(Stored data entries)
(* For all formulas $\phi,\psi$ of $\mathsf{JRC}$: if $\models_{\mathsf{JRC}}\phi\rightsquigarrow\psi$, then $\phi$ and $\psi$ have at least one atomic proposition in common.
   Context: Language of $\mathsf{JRC}$: countable sets $\mathsf{Var}$ (justification variables) and $\mathsf{Prop}$ (atoms). Terms $t ::= x \mid t+t$ ($x\in\mathsf{Var}$); formulas $\phi ::= p \mid {\sim}\phi \mid \phi\wedge\phi \mid \phi\to\phi \mid \phi\rightsquigarrow\phi \mid t{:}\phi$. A Routley relational model is $\mathcal M=(W,W_N,R,R_{Fm},R_{Tm},{*},\mathcal V)$ where $W$ is nonempty, $W_N\subseteq W$ nonempty (normal states); $R\subseteq W\times W\times W$ satisfies: for $w\in W_N$, $Rwvu$ iff $v=u$; $R_{Fm}$ assigns to each formula $\phi$ a relation $R_\phi\subseteq W\times W$; $R_{Tm}$ assigns to each term $t$ a relation $R_t\subseteq W\times W$; ${*}:W\to W$ with $w^{**}=w$; $\mathcal V:\mathsf{Prop}\to\mathcal P(W)$. $R_\phi(w)$, $R_t(w)$ are successor sets. Truth at every $w\in W$: $p$ iff $w\in\mathcal V(p)$; ${\sim}\phi$ iff $w^*\not\models\phi$; $\phi\wedge\psi$ iff both; $\phi\to\psi$ iff for all $v,u$ with $Rwvu$, $v\models\phi$ implies $u\models\psi$; $\phi\rightsquigarrow\psi$ iff $R_\phi(w)\subseteq[\psi]$; $t{:}\phi$ iff $R_t(w)\subseteq[\phi]$; here $[\phi]=\{w\in W:w\models\phi\}$. A $\mathsf{JRC}$-model is a Routley relational model with: (1) $R_\phi(w)\subseteq[\phi]$ for all $w\in W_N$ and all $\phi$; (2) for all $w\in W$, if $w\in[\phi]$ then $w\in R_\phi(w)$; (3) $R_{s+t}\subseteq R_s\cap R_t$ for all $s,t$. $\models_{\mathsf{JRC}}\phi$ iff $\phi$ is true at every normal state of every $\mathsf{JRC}$-model. *)

theory Defs
  imports Main "HOL-Library.Countable" "HOL-Library.Infinite_Typeclass"
begin

datatype 'v trm = TVar 'v | TPlus "'v trm" "'v trm"

datatype ('v, 'p) form =
    Atom 'p
  | Neg "('v, 'p) form"
  | Conj "('v, 'p) form" "('v, 'p) form"
  | Imp "('v, 'p) form" "('v, 'p) form"
  | Rsq "('v, 'p) form" "('v, 'p) form"
  | Just "'v trm" "('v, 'p) form"

primrec atoms :: "('v, 'p) form \<Rightarrow> 'p set" where
  "atoms (Atom p) = {p}"
| "atoms (Neg a) = atoms a"
| "atoms (Conj a b) = atoms a \<union> atoms b"
| "atoms (Imp a b) = atoms a \<union> atoms b"
| "atoms (Rsq a b) = atoms a \<union> atoms b"
| "atoms (Just t a) = atoms a"

text \<open>States are elements of a type 'w; W is the set of states (a subset of the type).
  R_phi and R_t are given as successor-set functions.\<close>

record ('w, 'v, 'p) rmodel =
  W  :: "'w set"
  WN :: "'w set"
  R  :: "'w \<Rightarrow> 'w \<Rightarrow> 'w \<Rightarrow> bool"
  RF :: "('v, 'p) form \<Rightarrow> 'w \<Rightarrow> 'w set"
  RT :: "'v trm \<Rightarrow> 'w \<Rightarrow> 'w set"
  st :: "'w \<Rightarrow> 'w"
  V  :: "'p \<Rightarrow> 'w set"

definition routley_model :: "('w, 'v, 'p) rmodel \<Rightarrow> bool" where
  "routley_model M \<longleftrightarrow>
     W M \<noteq> {} \<and> WN M \<subseteq> W M \<and> WN M \<noteq> {}
   \<and> (\<forall>w v u. R M w v u \<longrightarrow> w \<in> W M \<and> v \<in> W M \<and> u \<in> W M)
   \<and> (\<forall>w\<in>WN M. \<forall>v\<in>W M. \<forall>u\<in>W M. R M w v u \<longleftrightarrow> v = u)
   \<and> (\<forall>\<phi> w. RF M \<phi> w \<subseteq> W M \<and> (RF M \<phi> w \<noteq> {} \<longrightarrow> w \<in> W M))
   \<and> (\<forall>t w. RT M t w \<subseteq> W M \<and> (RT M t w \<noteq> {} \<longrightarrow> w \<in> W M))
   \<and> (\<forall>w\<in>W M. st M w \<in> W M \<and> st M (st M w) = w)
   \<and> (\<forall>p. V M p \<subseteq> W M)"

primrec sat :: "('w, 'v, 'p) rmodel \<Rightarrow> 'w \<Rightarrow> ('v, 'p) form \<Rightarrow> bool" where
  "sat M w (Atom p) \<longleftrightarrow> w \<in> V M p"
| "sat M w (Neg a) \<longleftrightarrow> \<not> sat M (st M w) a"
| "sat M w (Conj a b) \<longleftrightarrow> sat M w a \<and> sat M w b"
| "sat M w (Imp a b) \<longleftrightarrow>
     (\<forall>v\<in>W M. \<forall>u\<in>W M. R M w v u \<longrightarrow> sat M v a \<longrightarrow> sat M u b)"
| "sat M w (Rsq a b) \<longleftrightarrow> RF M a w \<subseteq> {u \<in> W M. sat M u b}"
| "sat M w (Just t a) \<longleftrightarrow> RT M t w \<subseteq> {u \<in> W M. sat M u a}"

definition ext :: "('w, 'v, 'p) rmodel \<Rightarrow> ('v, 'p) form \<Rightarrow> 'w set" where
  "ext M \<phi> = {w \<in> W M. sat M w \<phi>}"

definition jrc_model :: "('w, 'v, 'p) rmodel \<Rightarrow> bool" where
  "jrc_model M \<longleftrightarrow> routley_model M
   \<and> (\<forall>w\<in>WN M. \<forall>\<phi>. RF M \<phi> w \<subseteq> ext M \<phi>)
   \<and> (\<forall>w\<in>W M. \<forall>\<phi>. w \<in> ext M \<phi> \<longrightarrow> w \<in> RF M \<phi> w)
   \<and> (\<forall>s t w. RT M (TPlus s t) w \<subseteq> RT M s w \<inter> RT M t w)"

definition jrc_valid :: "'w itself \<Rightarrow> ('v, 'p) form \<Rightarrow> bool" where
  "jrc_valid _ \<phi> \<longleftrightarrow>
     (\<forall>M :: ('w, 'v, 'p) rmodel. jrc_model M \<longrightarrow> (\<forall>w\<in>WN M. sat M w \<phi>))"

end

theory Submission
  imports Defs
begin

text \<open>Suppose \<open>\<phi>\<close> and \<open>\<psi>\<close> share no atom. Take a normal state \<open>n\<close> and two non-normal states
  \<open>u\<close> and \<open>u' = u\<^sup>*\<close> that only see each other, where \<open>u\<close> makes exactly the atoms of \<open>\<phi>\<close> true
  and \<open>u'\<close> exactly the other atoms. By induction on formulas, everything built from atoms of \<open>\<phi>\<close>
  holds at \<open>u\<close> and fails at \<open>u'\<close>, and everything built from the other atoms behaves the other
  way round; in particular \<open>u \<Turnstile> \<phi>\<close> but \<open>u \<not>\<Turnstile> \<psi>\<close>. Putting \<open>u\<close> into \<open>R\<^sub>\<phi>(n)\<close> therefore refutes
  \<open>\<phi> \<leadsto> \<psi>\<close> at \<open>n\<close>. The JRC conditions also demand \<open>n \<in> R\<^sub>a(n)\<close> exactly when \<open>n \<Turnstile> a\<close>. This is not
  circular: truth of \<open>a\<close> at \<open>n\<close> only involves \<open>R\<^sub>b(n)\<close> for proper subformulas \<open>b\<close> of \<open>a\<close>, so it
  can be computed beforehand by recursion on \<open>a\<close> (\<open>normal_truth\<close>).\<close>

definition sep_model ::
    "'w \<Rightarrow> 'w \<Rightarrow> 'w \<Rightarrow> 'p set \<Rightarrow> (('v, 'p) form \<Rightarrow> 'w set) \<Rightarrow> ('w, 'v, 'p) rmodel" where
  "sep_model n u u' A F = \<lparr> W = {n, u, u'}, WN = {n},
     R = (\<lambda>w v x. (w = n \<and> v = x \<and> v \<in> {n, u, u'}) \<or> (w = u \<and> v = u' \<and> x = u)
                  \<or> (w = u' \<and> v = u \<and> x = u')),
     RF = (\<lambda>a x. if x = u then {u} else if x = u' then {u'} else if x = n then F a else {}),
     RT = (\<lambda>t x. if x = u then {u} else if x = u' then {u'} else {}),
     st = (\<lambda>x. if x = u then u' else if x = u' then u else x),
     V = (\<lambda>p. if p \<in> A then {u} else {u'}) \<rparr>"

lemma sep_model_sel:
  "W (sep_model n u u' A F) = {n, u, u'}"
  "WN (sep_model n u u' A F) = {n}"
  "R (sep_model n u u' A F) w v x \<longleftrightarrow>
     (w = n \<and> v = x \<and> v \<in> {n, u, u'}) \<or> (w = u \<and> v = u' \<and> x = u) \<or> (w = u' \<and> v = u \<and> x = u')"
  "RF (sep_model n u u' A F) a x = (if x = u then {u} else if x = u' then {u'} else if x = n then F a else {})"
  "RT (sep_model n u u' A F) t x = (if x = u then {u} else if x = u' then {u'} else {})"
  "st (sep_model n u u' A F) x = (if x = u then u' else if x = u' then u else x)"
  "V (sep_model n u u' A F) p = (if p \<in> A then {u} else {u'})"
  by (simp_all add: sep_model_def)

lemma sat_sep_model_side_RF_irrelevant:
  assumes "n \<noteq> u" "n \<noteq> u'" "u \<noteq> u'" and "x \<in> {u, u'}"
  shows "sat (sep_model n u u' A F) x a = sat (sep_model n u u' A G) x a"
  using assms(4) by (induction a arbitrary: x) (use assms(1-3) in \<open>auto simp: sep_model_sel\<close>)

lemma sat_sep_model_side_states:
  assumes "n \<noteq> u" "n \<noteq> u'" "u \<noteq> u'"
  shows "(atoms a \<subseteq> A \<longrightarrow> sat (sep_model n u u' A F) u a \<and> \<not> sat (sep_model n u u' A F) u' a)
       \<and> (atoms a \<inter> A = {} \<longrightarrow> \<not> sat (sep_model n u u' A F) u a \<and> sat (sep_model n u u' A F) u' a)"
  by (induction a) (use assms in \<open>auto simp: sep_model_sel\<close>)

lemma sat_sep_model_normal:
  fixes A :: "'p set" and F :: "('v, 'p) form \<Rightarrow> 'w set"
  assumes "n \<noteq> u" "n \<noteq> u'" "u \<noteq> u'"
  defines "M \<equiv> sep_model n u u' A F"
  shows "sat M n (Imp a b) \<longleftrightarrow> (\<forall>x\<in>{n, u, u'}. sat M x a \<longrightarrow> sat M x b)"
    and "sat M n (Rsq a b) \<longleftrightarrow> F a \<subseteq> {x \<in> {n, u, u'}. sat M x b}"
  using assms by (auto simp: sep_model_sel)

primrec normal_truth ::
    "(('v, 'p) form \<Rightarrow> bool) \<Rightarrow> (('v, 'p) form \<Rightarrow> bool) \<Rightarrow> ('v, 'p) form \<Rightarrow> ('v, 'p) form \<Rightarrow> bool"
where
  "normal_truth P Q f (Atom p) = False"
| "normal_truth P Q f (Neg a) = (\<not> normal_truth P Q f a)"
| "normal_truth P Q f (Conj a b) = (normal_truth P Q f a \<and> normal_truth P Q f b)"
| "normal_truth P Q f (Imp a b) = ((normal_truth P Q f a \<longrightarrow> normal_truth P Q f b)
     \<and> (P a \<longrightarrow> P b) \<and> (Q a \<longrightarrow> Q b))"
| "normal_truth P Q f (Rsq a b) = ((normal_truth P Q f a \<longrightarrow> normal_truth P Q f b) \<and> (a = f \<longrightarrow> P b))"
| "normal_truth P Q f (Just t a) = True"

lemma sat_sep_model_normal_eq_normal_truth:
  assumes d: "n \<noteq> u" "n \<noteq> u'" "u \<noteq> u'"
    and F: "\<And>a. F a = (if normal_truth P Q f a then {n} else {}) \<union> (if a = f then {u} else {})"
    and P: "\<And>a. sat (sep_model n u u' A F) u a = P a"
    and Q: "\<And>a. sat (sep_model n u u' A F) u' a = Q a"
  shows "sat (sep_model n u u' A F) n a = normal_truth P Q f a"
proof (induction a)
  case (Imp a b)
  then show ?case unfolding sat_sep_model_normal(1)[OF d] by (simp add: P Q)
next
  case (Rsq a b)
  then show ?case unfolding sat_sep_model_normal(2)[OF d] F[of a] using d by (auto simp: P)
qed (use d in \<open>simp_all add: sep_model_sel\<close>)

definition countermodel :: "'w \<Rightarrow> 'w \<Rightarrow> 'w \<Rightarrow> ('v, 'p) form \<Rightarrow> ('w, 'v, 'p) rmodel" where
  "countermodel n u u' f =
     (let M\<^sub>0 = sep_model n u u' (atoms f) (\<lambda>_. {});
          T = normal_truth (sat M\<^sub>0 u) (sat M\<^sub>0 u') f
      in sep_model n u u' (atoms f) (\<lambda>a. (if T a then {n} else {}) \<union> (if a = f then {u} else {})))"

lemma sat_countermodel_normal:
  fixes f :: "('v, 'p) form"
  assumes d: "n \<noteq> u" "n \<noteq> u'" "u \<noteq> u'"
  defines "M\<^sub>0 \<equiv> sep_model n u u' (atoms f) (\<lambda>_. {})"
  shows "sat (countermodel n u u' f) n a = normal_truth (sat M\<^sub>0 u) (sat M\<^sub>0 u') f a"
  unfolding countermodel_def Let_def M\<^sub>0_def
  by (rule sat_sep_model_normal_eq_normal_truth[OF d])
     (simp_all add: sat_sep_model_side_RF_irrelevant[OF d])

lemma countermodel_fixpoint:
  assumes d: "n \<noteq> u" "n \<noteq> u'" "u \<noteq> u'"
  shows "countermodel n u u' f = sep_model n u u' (atoms f)
           (\<lambda>a. (if sat (countermodel n u u' f) n a then {n} else {}) \<union> (if a = f then {u} else {}))"
  unfolding sat_countermodel_normal[OF d] by (simp add: countermodel_def Let_def)

lemma countermodel_sel:
  "W (countermodel n u u' f) = {n, u, u'}"
  "WN (countermodel n u u' f) = {n}"
  "RT (countermodel n u u' f) t x = (if x = u then {u} else if x = u' then {u'} else {})"
  by (simp_all add: countermodel_def Let_def sep_model_sel)

lemma RF_countermodel:
  assumes "n \<noteq> u" "n \<noteq> u'" "u \<noteq> u'"
  shows "RF (countermodel n u u' f) a x = (if x = u then {u} else if x = u' then {u'} else if x = n then
           (if sat (countermodel n u u' f) n a then {n} else {}) \<union> (if a = f then {u} else {}) else {})"
  by (subst countermodel_fixpoint[OF assms]) (simp add: sep_model_sel)

lemma sat_countermodel_side_states:
  assumes "n \<noteq> u" "n \<noteq> u'" "u \<noteq> u'"
  shows "atoms a \<subseteq> atoms f \<Longrightarrow> sat (countermodel n u u' f) u a"
    and "atoms a \<inter> atoms f = {} \<Longrightarrow> \<not> sat (countermodel n u u' f) u a"
  unfolding countermodel_def Let_def by (simp_all add: sat_sep_model_side_states[OF assms])

lemma routley_model_sep_model:
  assumes "n \<noteq> u" "n \<noteq> u'" "u \<noteq> u'" and "\<And>a. F a \<subseteq> {n, u, u'}"
  shows "routley_model (sep_model n u u' A F)"
  unfolding routley_model_def sep_model_sel using assms by (intro conjI allI ballI) auto

lemma jrc_model_countermodel:
  assumes d: "n \<noteq> u" "n \<noteq> u'" "u \<noteq> u'"
  shows "jrc_model (countermodel n u u' f)"
proof -
  let ?M = "countermodel n u u' f"
  have "sat ?M u f"
    by (rule sat_countermodel_side_states(1)[OF d]) simp
  show ?thesis
    unfolding jrc_model_def
  proof (intro conjI)
    show "routley_model ?M"
      by (subst countermodel_fixpoint[OF d], rule routley_model_sep_model[OF d]) auto
    show "\<forall>w\<in>WN ?M. \<forall>a. RF ?M a w \<subseteq> ext ?M a"
      using \<open>sat ?M u f\<close> d by (auto simp: ext_def RF_countermodel[OF d] countermodel_sel)
    show "\<forall>w\<in>W ?M. \<forall>a. w \<in> ext ?M a \<longrightarrow> w \<in> RF ?M a w"
      using d by (auto simp: ext_def RF_countermodel[OF d] countermodel_sel)
    show "\<forall>s t w. RT ?M (TPlus s t) w \<subseteq> RT ?M s w \<inter> RT ?M t w"
      by (simp add: countermodel_sel)
  qed
qed

lemma countermodel_refutes_Rsq:
  assumes d: "n \<noteq> u" "n \<noteq> u'" "u \<noteq> u'" and "atoms f \<inter> atoms g = {}"
  shows "\<not> sat (countermodel n u u' f) n (Rsq f g)"
proof -
  have "u \<in> RF (countermodel n u u' f) f n"
    using d by (simp add: RF_countermodel[OF d])
  moreover have "\<not> sat (countermodel n u u' f) u g"
    using sat_countermodel_side_states(2)[OF d, of g f] assms(4) by blast
  ultimately show ?thesis by auto
qed

theorem mainTheorem16:
  fixes \<phi> \<psi> :: "('v::countable, 'p::countable) form"
  assumes "jrc_valid TYPE('w::infinite) (Rsq \<phi> \<psi>)"
  shows "atoms \<phi> \<inter> atoms \<psi> \<noteq> {}"
proof
  assume disjoint: "atoms \<phi> \<inter> atoms \<psi> = {}"
  obtain n u u' :: 'w where d: "n \<noteq> u" "n \<noteq> u'" "u \<noteq> u'"
    using infinite_arbitrarily_large[OF infinite_UNIV, of 3] by (auto simp: card_3_iff)
  have "sat (countermodel n u u' \<phi>) n (Rsq \<phi> \<psi>)"
    by (rule assms[unfolded jrc_valid_def, rule_format, OF jrc_model_countermodel[OF d]])
       (simp add: countermodel_sel)
  with countermodel_refutes_Rsq[OF d disjoint] show False by contradiction
qed

end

*Assigned task*:
Retype the records above, but only those lines that fall between the line containing "u' f) n (Rsq" and the line containing "u u' \<phi>)", with both of those lines included, exactly as written.

*Answer space*:
  shows "\<not> sat (countermodel n u u' f) n (Rsq f g)"
proof -
  have "u \<in> RF (countermodel n u u' f) f n"
    using d by (simp add: RF_countermodel[OF d])
  moreover have "\<not> sat (countermodel n u u' f) u g"
    using sat_countermodel_side_states(2)[OF d, of g f] assms(4) by blast
  ultimately show ?thesis by auto
qed

theorem mainTheorem16:
  fixes \<phi> \<psi> :: "('v::countable, 'p::countable) form"
  assumes "jrc_valid TYPE('w::infinite) (Rsq \<phi> \<psi>)"
  shows "atoms \<phi> \<inter> atoms \<psi> \<noteq> {}"
proof
  assume disjoint: "atoms \<phi> \<inter> atoms \<psi> = {}"
  obtain n u u' :: 'w where d: "n \<noteq> u" "n \<noteq> u'" "u \<noteq> u'"
    using infinite_arbitrarily_large[OF infinite_UNIV, of 3] by (auto simp: card_3_iff)
  have "sat (countermodel n u u' \<phi>) n (Rsq \<phi> \<psi>)"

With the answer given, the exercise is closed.